[Stored items]
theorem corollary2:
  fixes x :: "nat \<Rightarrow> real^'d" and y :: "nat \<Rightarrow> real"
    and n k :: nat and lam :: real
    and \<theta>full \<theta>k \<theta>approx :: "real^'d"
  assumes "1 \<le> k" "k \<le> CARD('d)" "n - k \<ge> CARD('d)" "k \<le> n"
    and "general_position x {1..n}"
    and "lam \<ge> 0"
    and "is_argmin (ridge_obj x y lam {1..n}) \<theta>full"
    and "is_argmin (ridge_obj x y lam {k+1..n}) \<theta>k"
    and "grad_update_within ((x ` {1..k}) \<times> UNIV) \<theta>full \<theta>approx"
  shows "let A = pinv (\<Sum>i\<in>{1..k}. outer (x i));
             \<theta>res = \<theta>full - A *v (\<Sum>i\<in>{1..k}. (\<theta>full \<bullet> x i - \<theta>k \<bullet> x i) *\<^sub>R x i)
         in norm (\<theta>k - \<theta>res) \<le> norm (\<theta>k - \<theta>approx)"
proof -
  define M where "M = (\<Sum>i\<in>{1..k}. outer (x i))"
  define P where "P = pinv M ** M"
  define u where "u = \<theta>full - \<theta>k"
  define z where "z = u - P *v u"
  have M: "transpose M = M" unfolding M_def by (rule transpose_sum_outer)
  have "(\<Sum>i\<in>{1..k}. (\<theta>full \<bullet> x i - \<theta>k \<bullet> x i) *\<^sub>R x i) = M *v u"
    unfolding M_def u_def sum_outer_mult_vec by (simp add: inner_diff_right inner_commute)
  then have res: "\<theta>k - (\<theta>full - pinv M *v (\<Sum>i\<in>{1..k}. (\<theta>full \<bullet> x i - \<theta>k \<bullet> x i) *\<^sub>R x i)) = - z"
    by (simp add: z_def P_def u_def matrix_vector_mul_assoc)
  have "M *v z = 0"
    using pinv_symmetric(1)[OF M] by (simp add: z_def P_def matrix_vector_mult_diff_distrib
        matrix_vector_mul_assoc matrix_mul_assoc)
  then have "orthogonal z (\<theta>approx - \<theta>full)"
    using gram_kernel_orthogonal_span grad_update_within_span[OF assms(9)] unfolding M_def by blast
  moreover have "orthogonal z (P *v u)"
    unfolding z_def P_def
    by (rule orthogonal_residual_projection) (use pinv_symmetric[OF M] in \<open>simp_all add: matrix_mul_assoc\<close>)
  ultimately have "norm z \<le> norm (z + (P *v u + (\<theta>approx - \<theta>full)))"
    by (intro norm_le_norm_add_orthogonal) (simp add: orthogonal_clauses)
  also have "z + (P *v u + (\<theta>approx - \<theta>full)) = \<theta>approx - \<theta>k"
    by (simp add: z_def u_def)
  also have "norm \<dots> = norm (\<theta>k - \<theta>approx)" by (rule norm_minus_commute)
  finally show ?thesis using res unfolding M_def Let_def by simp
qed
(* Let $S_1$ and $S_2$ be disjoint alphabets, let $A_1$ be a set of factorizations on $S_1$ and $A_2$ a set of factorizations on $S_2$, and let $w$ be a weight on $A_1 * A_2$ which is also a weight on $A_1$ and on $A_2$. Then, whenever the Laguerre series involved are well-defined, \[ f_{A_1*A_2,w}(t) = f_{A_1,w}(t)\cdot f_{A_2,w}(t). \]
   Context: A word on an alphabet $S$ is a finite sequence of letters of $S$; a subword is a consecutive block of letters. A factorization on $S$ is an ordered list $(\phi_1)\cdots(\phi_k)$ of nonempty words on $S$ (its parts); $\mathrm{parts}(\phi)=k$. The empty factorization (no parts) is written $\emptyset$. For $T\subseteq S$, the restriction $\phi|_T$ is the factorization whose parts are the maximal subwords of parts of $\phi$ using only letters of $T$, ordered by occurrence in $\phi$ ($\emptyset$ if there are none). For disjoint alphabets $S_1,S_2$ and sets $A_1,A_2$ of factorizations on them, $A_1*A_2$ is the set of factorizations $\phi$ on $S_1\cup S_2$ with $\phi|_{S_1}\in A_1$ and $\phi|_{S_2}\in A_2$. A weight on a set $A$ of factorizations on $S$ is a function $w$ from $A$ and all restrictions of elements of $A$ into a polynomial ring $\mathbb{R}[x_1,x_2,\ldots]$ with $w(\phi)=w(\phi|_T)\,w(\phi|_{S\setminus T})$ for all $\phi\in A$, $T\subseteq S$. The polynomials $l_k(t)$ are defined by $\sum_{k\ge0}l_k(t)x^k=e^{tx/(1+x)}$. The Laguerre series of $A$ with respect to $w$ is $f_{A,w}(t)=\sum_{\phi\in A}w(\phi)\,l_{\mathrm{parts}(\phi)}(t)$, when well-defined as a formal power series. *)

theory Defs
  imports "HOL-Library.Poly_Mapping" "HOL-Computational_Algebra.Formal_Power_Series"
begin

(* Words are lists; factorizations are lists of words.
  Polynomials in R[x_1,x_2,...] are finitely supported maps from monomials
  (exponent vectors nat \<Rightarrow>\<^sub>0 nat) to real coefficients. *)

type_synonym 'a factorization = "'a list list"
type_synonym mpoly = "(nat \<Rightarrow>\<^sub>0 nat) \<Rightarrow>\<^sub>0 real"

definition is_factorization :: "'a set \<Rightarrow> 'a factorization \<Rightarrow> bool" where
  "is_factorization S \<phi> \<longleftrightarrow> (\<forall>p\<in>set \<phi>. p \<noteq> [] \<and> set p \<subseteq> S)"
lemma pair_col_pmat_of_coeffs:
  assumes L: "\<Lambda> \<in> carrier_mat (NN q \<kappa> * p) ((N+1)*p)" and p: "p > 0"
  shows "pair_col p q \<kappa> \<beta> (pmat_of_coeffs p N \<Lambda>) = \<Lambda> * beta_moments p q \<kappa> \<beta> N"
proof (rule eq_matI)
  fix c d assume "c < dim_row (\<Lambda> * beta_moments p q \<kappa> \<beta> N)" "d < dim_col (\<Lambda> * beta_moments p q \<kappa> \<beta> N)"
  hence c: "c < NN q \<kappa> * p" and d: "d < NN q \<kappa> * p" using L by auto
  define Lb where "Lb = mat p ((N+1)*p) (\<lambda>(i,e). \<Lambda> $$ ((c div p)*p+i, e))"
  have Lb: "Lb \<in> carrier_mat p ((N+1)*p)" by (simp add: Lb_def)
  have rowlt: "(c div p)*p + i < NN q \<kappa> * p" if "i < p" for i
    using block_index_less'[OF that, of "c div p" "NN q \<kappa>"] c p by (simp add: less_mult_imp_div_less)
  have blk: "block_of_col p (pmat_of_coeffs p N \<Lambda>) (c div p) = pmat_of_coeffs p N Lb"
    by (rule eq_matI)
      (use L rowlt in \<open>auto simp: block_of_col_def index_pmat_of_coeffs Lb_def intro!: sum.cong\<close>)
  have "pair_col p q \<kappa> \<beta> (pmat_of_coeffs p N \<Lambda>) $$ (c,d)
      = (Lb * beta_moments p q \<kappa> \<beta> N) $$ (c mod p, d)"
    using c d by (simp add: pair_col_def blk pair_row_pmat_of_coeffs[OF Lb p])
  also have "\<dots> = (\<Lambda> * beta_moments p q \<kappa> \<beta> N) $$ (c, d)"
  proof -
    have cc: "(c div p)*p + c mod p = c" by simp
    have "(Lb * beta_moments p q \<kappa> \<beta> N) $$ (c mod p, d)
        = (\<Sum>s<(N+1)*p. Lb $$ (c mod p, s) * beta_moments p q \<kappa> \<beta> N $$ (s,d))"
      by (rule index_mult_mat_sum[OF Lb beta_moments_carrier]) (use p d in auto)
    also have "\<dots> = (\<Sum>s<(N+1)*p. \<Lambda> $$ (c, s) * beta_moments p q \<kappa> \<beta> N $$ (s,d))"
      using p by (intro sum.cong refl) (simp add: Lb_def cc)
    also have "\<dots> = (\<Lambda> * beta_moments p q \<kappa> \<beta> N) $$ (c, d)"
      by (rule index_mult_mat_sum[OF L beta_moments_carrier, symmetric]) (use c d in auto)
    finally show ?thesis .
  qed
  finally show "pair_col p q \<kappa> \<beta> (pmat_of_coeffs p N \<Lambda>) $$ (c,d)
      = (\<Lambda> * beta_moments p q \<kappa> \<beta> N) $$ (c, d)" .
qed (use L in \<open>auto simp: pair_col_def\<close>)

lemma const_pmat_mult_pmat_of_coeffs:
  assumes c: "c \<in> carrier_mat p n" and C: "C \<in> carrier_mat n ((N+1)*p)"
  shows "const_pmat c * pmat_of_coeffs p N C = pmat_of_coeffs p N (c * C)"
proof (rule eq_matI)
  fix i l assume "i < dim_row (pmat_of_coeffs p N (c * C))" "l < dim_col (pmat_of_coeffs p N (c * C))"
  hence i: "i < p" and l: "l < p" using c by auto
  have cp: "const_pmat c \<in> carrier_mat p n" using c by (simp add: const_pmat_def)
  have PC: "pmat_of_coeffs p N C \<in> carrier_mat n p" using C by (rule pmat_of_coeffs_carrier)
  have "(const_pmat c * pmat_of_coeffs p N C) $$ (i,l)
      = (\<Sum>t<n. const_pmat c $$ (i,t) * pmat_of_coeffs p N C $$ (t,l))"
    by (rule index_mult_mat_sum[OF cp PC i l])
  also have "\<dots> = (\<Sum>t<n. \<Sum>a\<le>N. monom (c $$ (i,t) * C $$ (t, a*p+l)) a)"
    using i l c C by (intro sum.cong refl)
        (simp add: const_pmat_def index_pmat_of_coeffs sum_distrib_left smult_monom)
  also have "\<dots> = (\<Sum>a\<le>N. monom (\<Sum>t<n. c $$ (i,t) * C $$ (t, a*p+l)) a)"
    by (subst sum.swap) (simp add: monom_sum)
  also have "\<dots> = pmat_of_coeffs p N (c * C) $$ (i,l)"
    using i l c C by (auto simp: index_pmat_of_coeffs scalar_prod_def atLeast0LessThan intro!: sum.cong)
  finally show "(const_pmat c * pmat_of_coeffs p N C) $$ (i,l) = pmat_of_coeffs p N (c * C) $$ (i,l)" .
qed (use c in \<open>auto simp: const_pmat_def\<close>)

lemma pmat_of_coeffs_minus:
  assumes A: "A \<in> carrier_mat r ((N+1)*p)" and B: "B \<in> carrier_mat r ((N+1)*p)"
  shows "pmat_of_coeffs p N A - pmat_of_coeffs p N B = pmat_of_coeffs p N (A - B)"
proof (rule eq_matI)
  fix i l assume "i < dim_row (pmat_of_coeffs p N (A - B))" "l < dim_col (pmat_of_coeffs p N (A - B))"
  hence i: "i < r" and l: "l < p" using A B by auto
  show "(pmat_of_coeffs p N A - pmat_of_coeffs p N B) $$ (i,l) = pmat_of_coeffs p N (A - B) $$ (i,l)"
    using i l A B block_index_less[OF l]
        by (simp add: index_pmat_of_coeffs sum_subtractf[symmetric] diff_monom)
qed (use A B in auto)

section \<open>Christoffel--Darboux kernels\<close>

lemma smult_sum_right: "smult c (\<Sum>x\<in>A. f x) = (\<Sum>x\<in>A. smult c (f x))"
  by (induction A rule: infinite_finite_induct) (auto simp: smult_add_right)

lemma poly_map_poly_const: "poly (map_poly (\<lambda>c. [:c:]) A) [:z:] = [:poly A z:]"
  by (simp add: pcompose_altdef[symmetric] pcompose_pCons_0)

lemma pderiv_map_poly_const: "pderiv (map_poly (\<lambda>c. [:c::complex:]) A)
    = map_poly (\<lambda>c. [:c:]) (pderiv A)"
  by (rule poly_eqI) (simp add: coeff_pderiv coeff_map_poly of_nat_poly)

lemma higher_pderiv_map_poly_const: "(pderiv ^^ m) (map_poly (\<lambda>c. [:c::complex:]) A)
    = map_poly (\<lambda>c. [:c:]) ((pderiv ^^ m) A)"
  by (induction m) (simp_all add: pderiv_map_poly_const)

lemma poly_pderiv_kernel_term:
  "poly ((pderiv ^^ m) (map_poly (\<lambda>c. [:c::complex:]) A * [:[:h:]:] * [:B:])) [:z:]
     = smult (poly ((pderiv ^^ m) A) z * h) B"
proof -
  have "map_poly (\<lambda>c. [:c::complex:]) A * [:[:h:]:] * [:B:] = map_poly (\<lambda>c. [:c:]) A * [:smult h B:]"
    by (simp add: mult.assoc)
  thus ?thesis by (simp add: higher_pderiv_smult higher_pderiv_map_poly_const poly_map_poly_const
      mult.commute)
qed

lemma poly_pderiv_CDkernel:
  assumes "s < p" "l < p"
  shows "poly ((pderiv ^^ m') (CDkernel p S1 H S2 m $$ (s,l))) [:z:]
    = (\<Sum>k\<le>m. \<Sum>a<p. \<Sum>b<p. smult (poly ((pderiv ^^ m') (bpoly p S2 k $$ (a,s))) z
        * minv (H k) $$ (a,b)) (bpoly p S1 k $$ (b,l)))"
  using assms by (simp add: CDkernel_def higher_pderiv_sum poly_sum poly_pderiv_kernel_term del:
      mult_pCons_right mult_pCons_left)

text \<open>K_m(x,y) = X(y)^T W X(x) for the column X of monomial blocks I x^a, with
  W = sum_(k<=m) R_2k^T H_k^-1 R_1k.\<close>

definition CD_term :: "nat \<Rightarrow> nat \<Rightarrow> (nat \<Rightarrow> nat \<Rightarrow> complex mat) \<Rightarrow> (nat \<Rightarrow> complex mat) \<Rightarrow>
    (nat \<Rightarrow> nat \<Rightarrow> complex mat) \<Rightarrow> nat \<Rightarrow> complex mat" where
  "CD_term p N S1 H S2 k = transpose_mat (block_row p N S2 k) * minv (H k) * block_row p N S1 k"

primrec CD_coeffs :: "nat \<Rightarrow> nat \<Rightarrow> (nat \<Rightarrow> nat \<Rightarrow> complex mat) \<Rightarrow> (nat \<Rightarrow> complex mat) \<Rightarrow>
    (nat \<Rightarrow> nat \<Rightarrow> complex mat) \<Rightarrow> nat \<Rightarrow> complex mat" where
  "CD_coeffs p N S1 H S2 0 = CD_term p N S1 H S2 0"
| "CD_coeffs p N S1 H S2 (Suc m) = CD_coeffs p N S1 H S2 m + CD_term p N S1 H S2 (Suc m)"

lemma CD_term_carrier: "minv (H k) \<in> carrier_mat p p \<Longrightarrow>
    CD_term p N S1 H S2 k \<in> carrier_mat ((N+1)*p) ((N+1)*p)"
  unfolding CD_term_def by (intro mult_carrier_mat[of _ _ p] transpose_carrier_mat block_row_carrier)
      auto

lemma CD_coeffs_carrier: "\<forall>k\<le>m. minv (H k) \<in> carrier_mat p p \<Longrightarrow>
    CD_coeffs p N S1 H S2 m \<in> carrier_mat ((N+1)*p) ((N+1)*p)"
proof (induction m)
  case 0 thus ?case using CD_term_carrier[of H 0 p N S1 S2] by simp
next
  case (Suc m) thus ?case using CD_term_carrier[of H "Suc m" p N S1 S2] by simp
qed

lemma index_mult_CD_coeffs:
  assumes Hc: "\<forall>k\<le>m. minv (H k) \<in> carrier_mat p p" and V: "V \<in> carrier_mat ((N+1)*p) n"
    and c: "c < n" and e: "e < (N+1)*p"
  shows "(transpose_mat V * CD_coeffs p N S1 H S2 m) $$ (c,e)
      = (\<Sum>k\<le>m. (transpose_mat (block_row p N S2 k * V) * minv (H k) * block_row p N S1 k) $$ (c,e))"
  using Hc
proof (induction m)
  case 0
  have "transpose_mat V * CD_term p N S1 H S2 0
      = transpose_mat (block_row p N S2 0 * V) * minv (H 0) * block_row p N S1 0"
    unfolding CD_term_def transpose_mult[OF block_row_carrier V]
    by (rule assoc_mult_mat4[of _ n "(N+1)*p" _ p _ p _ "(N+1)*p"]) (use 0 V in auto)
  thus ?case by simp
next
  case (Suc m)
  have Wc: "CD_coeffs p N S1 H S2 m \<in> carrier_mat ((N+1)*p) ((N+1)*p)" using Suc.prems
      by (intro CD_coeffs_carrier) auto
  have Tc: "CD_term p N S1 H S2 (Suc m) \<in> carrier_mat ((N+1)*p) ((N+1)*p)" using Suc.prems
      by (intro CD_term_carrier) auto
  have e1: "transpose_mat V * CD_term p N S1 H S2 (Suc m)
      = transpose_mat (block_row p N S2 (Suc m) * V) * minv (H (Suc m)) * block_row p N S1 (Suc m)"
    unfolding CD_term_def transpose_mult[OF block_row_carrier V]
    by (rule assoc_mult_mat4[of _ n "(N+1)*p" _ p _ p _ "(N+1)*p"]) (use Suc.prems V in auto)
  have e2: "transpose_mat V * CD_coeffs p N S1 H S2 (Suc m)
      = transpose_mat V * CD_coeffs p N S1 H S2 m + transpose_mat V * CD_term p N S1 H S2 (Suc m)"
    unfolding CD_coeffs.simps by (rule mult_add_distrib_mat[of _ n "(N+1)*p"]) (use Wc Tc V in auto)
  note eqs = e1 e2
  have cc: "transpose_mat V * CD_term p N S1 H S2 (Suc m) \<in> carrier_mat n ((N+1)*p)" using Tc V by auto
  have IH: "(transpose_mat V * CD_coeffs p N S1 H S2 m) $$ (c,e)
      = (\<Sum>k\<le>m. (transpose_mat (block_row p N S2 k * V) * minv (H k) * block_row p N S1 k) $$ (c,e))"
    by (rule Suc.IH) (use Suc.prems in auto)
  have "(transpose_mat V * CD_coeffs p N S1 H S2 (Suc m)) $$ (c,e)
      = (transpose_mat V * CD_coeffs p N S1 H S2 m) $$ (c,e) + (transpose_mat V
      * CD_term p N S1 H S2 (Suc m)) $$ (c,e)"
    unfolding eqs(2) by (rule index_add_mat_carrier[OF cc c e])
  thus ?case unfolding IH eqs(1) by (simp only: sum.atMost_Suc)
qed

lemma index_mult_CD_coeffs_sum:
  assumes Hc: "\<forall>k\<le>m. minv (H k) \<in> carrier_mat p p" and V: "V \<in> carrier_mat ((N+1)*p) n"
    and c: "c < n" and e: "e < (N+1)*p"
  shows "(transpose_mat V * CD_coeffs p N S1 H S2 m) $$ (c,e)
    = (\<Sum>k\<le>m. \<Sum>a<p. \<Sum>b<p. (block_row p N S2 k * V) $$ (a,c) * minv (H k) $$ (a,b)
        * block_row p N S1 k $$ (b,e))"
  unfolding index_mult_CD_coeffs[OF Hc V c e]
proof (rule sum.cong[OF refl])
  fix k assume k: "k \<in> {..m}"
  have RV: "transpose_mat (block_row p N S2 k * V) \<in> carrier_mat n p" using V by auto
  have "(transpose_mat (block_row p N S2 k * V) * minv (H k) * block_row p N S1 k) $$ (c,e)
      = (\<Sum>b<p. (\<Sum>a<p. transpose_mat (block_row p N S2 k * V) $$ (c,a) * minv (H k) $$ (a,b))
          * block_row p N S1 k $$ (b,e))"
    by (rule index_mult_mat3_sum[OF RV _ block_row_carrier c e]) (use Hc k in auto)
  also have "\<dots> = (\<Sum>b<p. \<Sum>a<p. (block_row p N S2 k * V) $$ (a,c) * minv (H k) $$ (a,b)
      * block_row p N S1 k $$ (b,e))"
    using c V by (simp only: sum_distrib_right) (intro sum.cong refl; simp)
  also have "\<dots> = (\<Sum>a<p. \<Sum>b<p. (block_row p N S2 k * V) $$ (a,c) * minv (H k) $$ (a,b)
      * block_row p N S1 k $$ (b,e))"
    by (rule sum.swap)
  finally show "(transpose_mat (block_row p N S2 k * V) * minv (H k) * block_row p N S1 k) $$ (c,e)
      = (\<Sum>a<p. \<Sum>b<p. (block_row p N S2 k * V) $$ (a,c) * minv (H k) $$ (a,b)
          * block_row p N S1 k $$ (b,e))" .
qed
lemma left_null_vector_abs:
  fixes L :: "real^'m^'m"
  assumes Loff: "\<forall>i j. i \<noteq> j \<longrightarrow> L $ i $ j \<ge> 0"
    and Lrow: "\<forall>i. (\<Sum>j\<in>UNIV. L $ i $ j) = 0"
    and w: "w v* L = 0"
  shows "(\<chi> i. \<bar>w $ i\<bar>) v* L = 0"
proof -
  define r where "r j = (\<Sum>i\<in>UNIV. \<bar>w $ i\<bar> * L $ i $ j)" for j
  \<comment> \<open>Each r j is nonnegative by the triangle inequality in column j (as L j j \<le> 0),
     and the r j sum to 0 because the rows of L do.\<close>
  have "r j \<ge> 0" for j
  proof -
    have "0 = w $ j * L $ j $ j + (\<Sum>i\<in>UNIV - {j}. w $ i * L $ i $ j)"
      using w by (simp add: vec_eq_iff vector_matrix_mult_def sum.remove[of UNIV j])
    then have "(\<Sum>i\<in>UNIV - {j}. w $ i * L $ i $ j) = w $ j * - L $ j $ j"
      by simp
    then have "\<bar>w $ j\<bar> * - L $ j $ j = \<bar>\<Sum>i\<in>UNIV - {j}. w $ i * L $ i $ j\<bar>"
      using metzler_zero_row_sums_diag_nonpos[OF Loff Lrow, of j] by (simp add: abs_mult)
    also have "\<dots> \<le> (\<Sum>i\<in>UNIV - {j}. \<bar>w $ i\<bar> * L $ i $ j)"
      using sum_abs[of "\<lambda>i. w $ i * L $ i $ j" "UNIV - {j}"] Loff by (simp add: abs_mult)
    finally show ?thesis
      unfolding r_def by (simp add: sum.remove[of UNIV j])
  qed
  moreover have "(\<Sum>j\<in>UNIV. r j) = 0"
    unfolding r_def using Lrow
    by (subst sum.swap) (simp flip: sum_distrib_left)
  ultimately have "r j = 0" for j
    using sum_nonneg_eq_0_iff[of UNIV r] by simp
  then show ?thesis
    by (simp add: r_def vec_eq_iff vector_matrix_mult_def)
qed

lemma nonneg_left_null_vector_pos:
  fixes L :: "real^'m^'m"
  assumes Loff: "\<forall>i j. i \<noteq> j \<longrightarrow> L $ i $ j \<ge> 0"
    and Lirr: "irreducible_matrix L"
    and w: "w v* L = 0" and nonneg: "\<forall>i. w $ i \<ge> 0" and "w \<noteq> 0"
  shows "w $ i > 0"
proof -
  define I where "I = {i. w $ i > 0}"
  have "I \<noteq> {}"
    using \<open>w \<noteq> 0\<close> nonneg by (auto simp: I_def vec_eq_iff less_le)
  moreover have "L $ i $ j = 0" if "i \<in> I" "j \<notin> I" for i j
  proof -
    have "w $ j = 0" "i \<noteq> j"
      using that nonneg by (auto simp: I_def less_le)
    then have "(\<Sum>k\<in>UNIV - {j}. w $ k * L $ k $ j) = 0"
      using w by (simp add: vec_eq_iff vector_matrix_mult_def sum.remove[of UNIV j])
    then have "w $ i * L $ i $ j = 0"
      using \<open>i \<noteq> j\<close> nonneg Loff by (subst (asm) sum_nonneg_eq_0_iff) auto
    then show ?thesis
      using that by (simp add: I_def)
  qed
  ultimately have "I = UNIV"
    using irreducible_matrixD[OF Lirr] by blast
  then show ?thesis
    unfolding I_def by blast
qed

Exercise goal: The word "refl" may appear on some lines of these records; state how many such lines there are, and nothing else.

Reply: 4